I performed a t-test and used the r-squared value of 0.693 and the p-value of approximately 0 to assess the effectiveness of my model. The r-sqaured demonstrates that most of the variability in the response variable (Price) can be explained by my linear combination of gas and mileage. It appears that this model is pretty effective. The r value of 0.83 (square root of r-squared) demonstrates a strong positive linear relationship between price and variables age and mileage. The p-value being close to 0 allows us to reject the null hypothesis and conclude a linear relationship from our model. Our model appears effective because of the conclusions we were able to draw from the p-value and r and r-squared values. H0: p-value;Age=0 H&alpha: p-value ;Age!=0

5 - Compute and interpret the variance inflation factor (VIF) for your predictors.

vif(mod2)
##     Age Mileage 
##  2.1946  2.1946

Both values for age and mileage are between 1 and 5, which means they are moderately correlated. This does not necessarily mean there is multicollinearity, but it is something to be aware of because it can impact coefficients and t-tests.

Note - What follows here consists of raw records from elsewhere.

lemma convex_on_cos_integral_nonneg_unit:
  fixes g :: "real \<Rightarrow> real"
  assumes g: "convex_on {0<..<1} g"
  shows "0 \<le> integral {0..1} (\<lambda>s. g s * cos (2 * pi * s))"
proof (cases "(\<lambda>s. g s * cos (2 * pi * s)) integrable_on {0..1}")
  case False
  then show ?thesis by (simp add: not_integrable_integral)
next
  case True
  have fold_nonneg: "0 \<le> g t * cos (2 * pi * t) + g (1/2 - t) * cos (2 * pi * (1/2 - t))
      + g (t + 1/2) * cos (2 * pi * (t + 1/2)) + g (1 - t) * cos (2 * pi * (1 - t))"
    if "0 < t" "t < 1/4" for t
  proof -
    have "0 \<le> 2 * pi * t" "2 * pi * t \<le> pi / 2"
      using that pi_gt_zero by simp_all
    then have "0 \<le> cos (2 * pi * t)"
      using pi_gt_zero by (intro cos_ge_zero) linarith+
    moreover have "g (1/2 - t) + g (t + 1/2) \<le> g t + g (1 - t)"
      using that by (intro convex_on_sum_le_sum_endpoints[OF g]) auto
    ultimately have "0 \<le> cos (2 * pi * t) * (g t + g (1 - t) - g (1/2 - t) - g (t + 1/2))"
      by simp
    moreover have "cos (2 * pi * (1/2 - t)) = - cos (2 * pi * t)"
      "cos (2 * pi * (t + 1/2)) = - cos (2 * pi * t)" "cos (2 * pi * (1 - t)) = cos (2 * pi * t)"
      by (simp_all add: algebra_simps cos_diff cos_add)
    ultimately show ?thesis by (simp add: algebra_simps)
  qed
  from has_integral_fold_quarters[OF True] show ?thesis
    by (subst (asm) has_integral_Icc_iff_Ioo) (rule has_integral_nonneg, use fold_nonneg in auto)
qed

lemma integral_unit_interval_eq_sum_rescaled:
  fixes f :: "real \<Rightarrow> real" and n :: nat
  assumes n: "n > 0" and f: "f integrable_on {0..1}"
  shows "integral {0..1} f = (\<Sum>j<n. integral {0..1} (\<lambda>s. f ((s + j) / n))) / n"
proof -
  have sub: "f integrable_on {a..b}" if "0 \<le> a" "b \<le> 1" for a b
    using integrable_subinterval_real[OF f] that by simp
  have split: "integral {0..m / n} f = (\<Sum>j<m. integral {real j / n..real (j + 1) / n} f)" if "m \<le> n" for m
    using that
  proof (induction m)
    case (Suc m)
    then have "real (Suc m) / n \<le> 1" using n by (simp add: divide_simps)
    then have "integral {0..m / n} f + integral {m / n..(m + 1) / n} f = integral {0..(m + 1) / n} f"
      using Henstock_Kurzweil_Integration.integral_combine[of 0 "m / n" "(m + 1) / n" f]
        sub[of 0 "(m + 1) / n"] n by (simp add: divide_simps)
    with Suc show ?case by simp
  qed simp
  have piece: "integral {0..1} (\<lambda>s. f ((s + j) / n)) = n * integral {j / n..real (j + 1) / n} f"
    if "j < n" for j
  proof -
    have "real (j + 1) / n \<le> 1" using that by (simp add: divide_simps)
    then have "(f has_integral integral {j / n..real (j + 1) / n} f) {j / n..real (j + 1) / n}"
      using sub[of "j / n" "(j + 1) / n"] by (simp add: integrable_integral)
    from has_integral_affinity_real[OF this, of "1 / n" "j / n"]
    have "((\<lambda>s. f (1 / n * s + j / n)) has_integral n * integral {j / n..real (j + 1) / n} f)
        {(j / n - j / n) / (1 / n)..(real (j + 1) / n - j / n) / (1 / n)}"
      using n by (simp add: mult.commute)
    moreover have "(real (j + 1) / n - j / n) / (1 / n) = 1" "1 / n * s + j / n = (s + j) / n" for s :: real
      using n by (simp_all add: divide_simps)
    ultimately show ?thesis by (simp add: integral_unique)
  qed
  have "(\<Sum>j<n. integral {0..1} (\<lambda>s. f ((s + j) / n)))
      = n * (\<Sum>j<n. integral {real j / n..real (j + 1) / n} f)"
    using piece by (simp add: sum_distrib_left)
  with split[of n] n show ?thesis by simp
qed

lemma convex_on_cos_integral_nonneg:
  fixes V :: "real \<Rightarrow> real" and n :: nat
  assumes V: "convex_on {0<..<1} V" and n: "n > 0"
  shows "0 \<le> integral {0..1} (\<lambda>x. V x * cos (2 * pi * n * x))"
proof (cases "(\<lambda>x. V x * cos (2 * pi * n * x)) integrable_on {0..1}")
  case False
  then show ?thesis by (simp add: not_integrable_integral)
next
  case True
  have "0 \<le> integral {0..1} (\<lambda>s. V ((s + j) / n) * cos (2 * pi * n * ((s + j) / n)))"
    if "j < n" for j
  proof -
    have "1 / n * s + j / n \<in> {0<..<1}" if "s \<in> {0<..<1}" for s
    proof -
      have "1 / n * s + j / n = (s + j) / n" by (simp add: add_divide_distrib)
      then show ?thesis using that \<open>j < n\<close> by (auto simp: divide_simps)
    qed
    then have "convex_on {0<..<1} (\<lambda>s. V (1 / n * s + j / n))"
      by (intro convex_on_compose_affine[OF V]) auto
    then have "0 \<le> integral {0..1} (\<lambda>s. V ((s + j) / n) * cos (2 * pi * s))"
      using convex_on_cos_integral_nonneg_unit by (simp add: add_divide_distrib)
    moreover have "cos (2 * pi * n * ((s + j) / n)) = cos (2 * pi * s)" for s :: real
    proof -
      have "2 * pi * n * ((s + j) / n) = 2 * pi * s + 2 * pi * of_int (int j)"
        using n by (simp add: field_simps)
      then show ?thesis by (simp only: cos_add cos_int_2pin sin_int_2pin)
    qed
    ultimately show ?thesis by simp
  qed
  then show ?thesis
    by (subst integral_unit_interval_eq_sum_rescaled[OF n True]) (auto intro!: divide_nonneg_nonneg sum_nonneg)
qed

6 - Suppose that you are interested in purchasing a car of this model that is three years old (in 2017) with

31K miles. Determine each of the following: 90% confidence interval for the mean price at this age and mileage and 90% prediction interval for the price of an individual car at this age and mileage. Write sentences that carefully interpret each of the intervals (in terms of car prices).

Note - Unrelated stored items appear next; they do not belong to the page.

(* Let $T$ be a tournament with $n$ vertices. Then in the dichromatic polynomial $P(T;x)$ the coefficient of $x^{n-1}$ is zero, and the coefficient of $x^{n-2}$ equals $-t$, where $t$ is the number of directed triangles of $T$.
   Context: A tournament is an orientation of a complete graph; a directed triangle is a directed cycle of length $3$. For a positive integer $k$, a proper $k$-coloring of a digraph $D$ is a map $c:V(D)\to\{1,\ldots,k\}$ such that each color class induces a subdigraph with no directed cycle. The number of proper $k$-colorings of $D$ is a polynomial in $k$, denoted $P(D;k)$ (the dichromatic polynomial). *)

theory Defs
  imports "HOL-Library.FuncSet" "HOL-Computational_Algebra.Polynomial"
begin

text \<open>A digraph is given by a finite vertex set V and an arc relation E (E u v: arc u to v).\<close>

definition tournament :: "'a set \<Rightarrow> ('a \<Rightarrow> 'a \<Rightarrow> bool) \<Rightarrow> bool" where
  "tournament V E \<longleftrightarrow> finite V \<and>
     (\<forall>u v. E u v \<longrightarrow> u \<in> V \<and> v \<in> V) \<and>
     (\<forall>v. \<not> E v v) \<and>
     (\<forall>u\<in>V. \<forall>v\<in>V. u \<noteq> v \<longrightarrow> (E u v \<longleftrightarrow> \<not> E v u))"

definition induced_arcs :: "('a \<Rightarrow> 'a \<Rightarrow> bool) \<Rightarrow> 'a set \<Rightarrow> ('a \<times> 'a) set" where
  "induced_arcs E S = {(u, v). u \<in> S \<and> v \<in> S \<and> E u v}"

definition proper_colorings :: "'a set \<Rightarrow> ('a \<Rightarrow> 'a \<Rightarrow> bool) \<Rightarrow> nat \<Rightarrow> ('a \<Rightarrow> nat) set" where
  "proper_colorings V E k =
     {c \<in> V \<rightarrow>\<^sub>E {1..k}. \<forall>i \<in> {1..k}. acyclic (induced_arcs E {v \<in> V. c v = i})}"

definition dichromatic_poly :: "'a set \<Rightarrow> ('a \<Rightarrow> 'a \<Rightarrow> bool) \<Rightarrow> int poly" where
  "dichromatic_poly V E =
     (THE p. \<forall>k::nat. k \<ge> 1 \<longrightarrow> poly p (int k) = int (card (proper_colorings V E k)))"

definition coeff_int :: "'b::zero poly \<Rightarrow> int \<Rightarrow> 'b" where
  "coeff_int p i = (if i < 0 then 0 else coeff p (nat i))"

definition num_directed_triangles :: "'a set \<Rightarrow> ('a \<Rightarrow> 'a \<Rightarrow> bool) \<Rightarrow> nat" where
  "num_directed_triangles V E =
     card {S. S \<subseteq> V \<and> (\<exists>a b c. S = {a, b, c} \<and> a \<noteq> b \<and> b \<noteq> c \<and> a \<noteq> c
                                  \<and> E a b \<and> E b c \<and> E c a)}"

end

theory Submission
  imports Defs
begin

text \<open>In a tournament a vertex set induces an acyclic subdigraph iff it spans no directed
  triangle, so a proper colouring is a colouring in which no directed triangle is
  monochromatic. Inclusion-exclusion over sets \<open>F\<close> of directed triangles gives
  \<open>P(T;x) = \<Sum>\<^sub>F (-1)^|F| x^c(F)\<close>, where \<open>c(F)\<close> is the number of classes of the partition
  of \<open>V\<close> obtained by merging the triangles of \<open>F\<close>. The empty set contributes \<open>x^n\<close> and every
  single triangle \<open>-x^(n-2)\<close>; if \<open>F\<close> contains two distinct triangles then \<open>c(F) \<le> n - 3\<close>,
  since they lie either in one class of at least four vertices or in two classes of at least
  three.\<close>

lemma tournament_arcD:
  assumes "tournament V E" "E u v"
  shows "u \<in> V" "v \<in> V" "u \<noteq> v" "\<not> E v u"
  using assms unfolding tournament_def by metis+

lemma tournament_arc_or_reverse:
  assumes "tournament V E" "u \<in> V" "v \<in> V" "u \<noteq> v"
  shows "E u v \<or> E v u"
  using assms unfolding tournament_def by metis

newdata=data.frame(Age = 3, Mileage = 31000)
predict.lm(mod2, newdata, interval = "confidence", level = 0.9)
##        fit      lwr      upr
## 1 14785.55 14467.37 15103.74
predict.lm(mod2, newdata, interval = "prediction", level = 0.9)
##        fit      lwr      upr
## 1 14785.55 10759.19 18811.92

The predicted value for purchasing a car of this model that is three years old and has 31K miles is 14,785.55 dollars. We are 90% confident that the mean price of a car of this model, that is three years old and has 31K miles, falls between 14,467.37 dollars and 15,103.74. We are 90% confident that the price of an individual car falls between 10,759.19 dollars and 18,811.92 dollars.